A data warehouse is a repository of a business organization’s historical data. It is a large part of an enterprise data management system which consists of several servers running on different kinds of platforms and database management systems.
It is generally practiced that in an enterprise data management system, it is the data warehouse house which contains static data while it is the operational data store that contains dynamic data that gets frequently updated during the course of business operations.
To illustrate this further, it important to know that in an enterprise data management system environment, there may plenty of servers and database systems which constitute various data stores and these servers may be of varying platforms and database management systems come different vendors.
Each data store gather data based on the departments they are server or on other special function that they are designed to do. But during the entire business operation, these servers send their data to the operational data store which acts as the unifying areas were disparate data from various data stores are extracted and transformed into a unified structure based on the enterprise data architecture.
The process of unifying disparate data is referred to as ETL which stands for extract, transform and load. The extract and transform are mostly done in the operational data store before the transformed data is "loaded" into the data warehouse. With this picture wherein the data warehouse only get the loading part, many people get the impression that the data warehouse indeed is a mere static repository does not do a lot of things except accept data for storage.
In fact, the concept of data warehouse has been taken from the analogy with real life warehouses where good are put before the need arise to get them. And so with data, the operational data store goes to the data warehouse to get the data and process them at the operational data store area. Hence the term operational because it refers to the data currently being operated on or manipulated with.
But modern data warehouses are no longer as static as they seem or look. Data warehouses today are already managed by software application tools that have the functionality that allows the data warehouse itself to track data and perform all sorts of analysis related to the movement of data from the warehouse to the other data stores and back.
Many data warehouse employ a technology known as Online Analytical Processing (OLAP) which helps in providing answers to various multidimensional analytical queries. Most areas of business including business reporting for sales, marketing, management reporting, business process management (BPM), budgeting and forecasting, financial reporting use OALP for retrieving information from the data warehouse so that the company can spot trends and patterns as basis for the corporate decisions.

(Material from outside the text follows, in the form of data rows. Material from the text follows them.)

lemma nn_integral_radial_le_layer_cake:
  fixes \<rho> :: "'a::euclidean_space \<Rightarrow> real" and g h :: "real \<Rightarrow> real"
  assumes \<rho>_nonneg: "\<And>y. 0 \<le> \<rho> y"
    and \<rho>_meas[measurable]: "(\<lambda>y. indicator (cball x s) y * \<rho> y) \<in> borel_measurable lborel"
    and h_meas[measurable]: "h \<in> borel_measurable borel"
    and h_nonneg: "\<And>t. 0 < t \<Longrightarrow> 0 \<le> h t"
    and g_0: "g 0 = 0"
    and g_s: "0 \<le> g s"
    and g_eq: "\<And>d. 0 < d \<Longrightarrow> d \<le> s \<Longrightarrow>
       ennreal (g d) = ennreal (g s) + (\<integral>\<^sup>+t. ennreal (h t) * indicator {d..s} t \<partial>lborel)"
  shows "(\<integral>\<^sup>+ y. ennreal (indicator (cball x s) y * g (dist x y) * \<rho> y) \<partial>lborel)
          \<le> ennreal (g s) * ball_mass \<rho> s x
             + (\<integral>\<^sup>+t. ennreal (h t) * ball_mass \<rho> t x * indicator {0<..s} t \<partial>lborel)"
proof -
  define \<rho>' where "\<rho>' y = indicator (cball x s) y * \<rho> y" for y
  have \<rho>'_meas[measurable]: "\<rho>' \<in> borel_measurable lborel"
    using \<rho>_meas by (simp add: \<rho>'_def[abs_def])
  define C where "C y t = ennreal (h t * indicator {0<..s} t) * ennreal (indicator (cball x t) y * \<rho>' y)"
    for y t
  have C_meas: "(\<lambda>(t, y). C y t) \<in> borel_measurable (lborel \<Otimes>\<^sub>M lborel)"
    using borel_measurable_indicator_cball_radius[of x, measurable]
    unfolding C_def split_beta' by measurable
  have C_y_meas: "(\<lambda>y. \<integral>\<^sup>+t. C y t \<partial>lborel) \<in> borel_measurable lborel"
    using lborel.borel_measurable_nn_integral_fst[OF measurable_pair_swap[OF C_meas]]
    by (simp add: split_beta')
  \<comment> \<open>Only an inequality: at the centre y = x the left side is g 0 = 0.\<close>
  have pointwise: "ennreal (indicator (cball x s) y * g (dist x y) * \<rho> y)
      \<le> ennreal (g s) * ennreal (\<rho>' y) + (\<integral>\<^sup>+t. C y t \<partial>lborel)" for y
  proof (cases "y \<in> cball x s \<and> y \<noteq> x")
    case False
    then have "indicator (cball x s) y * g (dist x y) * \<rho> y = 0"
      using g_0 by (auto simp: indicator_def)
    then show ?thesis by (simp only:) simp
  next
    case True
    define d where "d = dist x y"
    have d: "0 < d" "d \<le> s" using True by (auto simp: d_def mem_cball)
    have \<rho>'_y: "\<rho>' y = \<rho> y" using True by (simp add: \<rho>'_def)
    have "C y t = ennreal (h t) * indicator {d..s} t * ennreal (\<rho> y)" for t
      using d h_nonneg[of t] \<rho>_nonneg[of y]
      by (auto simp: C_def \<rho>'_y indicator_def mem_cball d_def[symmetric] ennreal_mult')
    then have "(\<integral>\<^sup>+t. C y t \<partial>lborel)
        = (\<integral>\<^sup>+t. ennreal (h t) * indicator {d..s} t \<partial>lborel) * ennreal (\<rho> y)"
      by (simp add: nn_integral_multc)
    moreover have "ennreal (indicator (cball x s) y * g (dist x y) * \<rho> y) = ennreal (g d) * ennreal (\<rho> y)"
      using True \<rho>_nonneg ennreal_mult'[of "\<rho> y" "g d"] by (simp add: d_def mult.commute)
    ultimately show ?thesis
      by (simp add: g_eq[OF d] distrib_right \<rho>'_y)
  qed
  have inner: "(\<integral>\<^sup>+y. C y t \<partial>lborel) = ennreal (h t) * ball_mass \<rho> t x * indicator {0<..s} t" for t
  proof (cases "0 < t \<and> t \<le> s")
    case True
    have "(\<integral>\<^sup>+y. C y t \<partial>lborel) = ennreal (h t) * (\<integral>\<^sup>+y. ennreal (indicator (cball x t) y * \<rho>' y) \<partial>lborel)"
      using True by (simp add: C_def) (intro nn_integral_cmult measurable_compose[OF _ measurable_ennreal]
          borel_measurable_times borel_measurable_indicator \<rho>'_meas, simp)
    also have "(\<integral>\<^sup>+y. ennreal (indicator (cball x t) y * \<rho>' y) \<partial>lborel) = ball_mass \<rho> t x"
      unfolding ball_mass_def
      by (rule nn_integral_cong) (use True in \<open>auto simp: \<rho>'_def indicator_def mem_cball\<close>)
    finally show ?thesis using True by simp
  qed (auto simp: C_def)
  have "(\<integral>\<^sup>+ y. ennreal (indicator (cball x s) y * g (dist x y) * \<rho> y) \<partial>lborel)
      \<le> (\<integral>\<^sup>+ y. ennreal (g s) * ennreal (\<rho>' y) + (\<integral>\<^sup>+t. C y t \<partial>lborel) \<partial>lborel)"
    by (rule nn_integral_mono) (rule pointwise)
  also have "\<dots> = ennreal (g s) * (\<integral>\<^sup>+ y. ennreal (\<rho>' y) \<partial>lborel)
                  + (\<integral>\<^sup>+ y. \<integral>\<^sup>+t. C y t \<partial>lborel \<partial>lborel)"
    using C_y_meas by (subst nn_integral_add) (auto simp: nn_integral_cmult)
  also have "(\<integral>\<^sup>+ y. \<integral>\<^sup>+t. C y t \<partial>lborel \<partial>lborel) = (\<integral>\<^sup>+ t. \<integral>\<^sup>+y. C y t \<partial>lborel \<partial>lborel)"
    using lborel_pair.Fubini'[OF C_meas] by simp
  also have "(\<integral>\<^sup>+ y. ennreal (\<rho>' y) \<partial>lborel) = ball_mass \<rho> s x"
    by (simp add: ball_mass_def \<rho>'_def)
  finally show ?thesis by (simp add: inner)
qed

There are many companies specifically offering data warehousing software solutions which come with sophisticated proprietary intuitive functions. Many of these vendors even offer integrated solutions that add data warehousing functions with such complex features as data transformation, management, analytics and delivery components.
Having an intuitive data warehouse greatly increases overall performance of the enterprise data management system because the data warehouse can already share some of the load which is supposed to be for the operational data stores which tackles very labor intensive processes from the on-going business operations.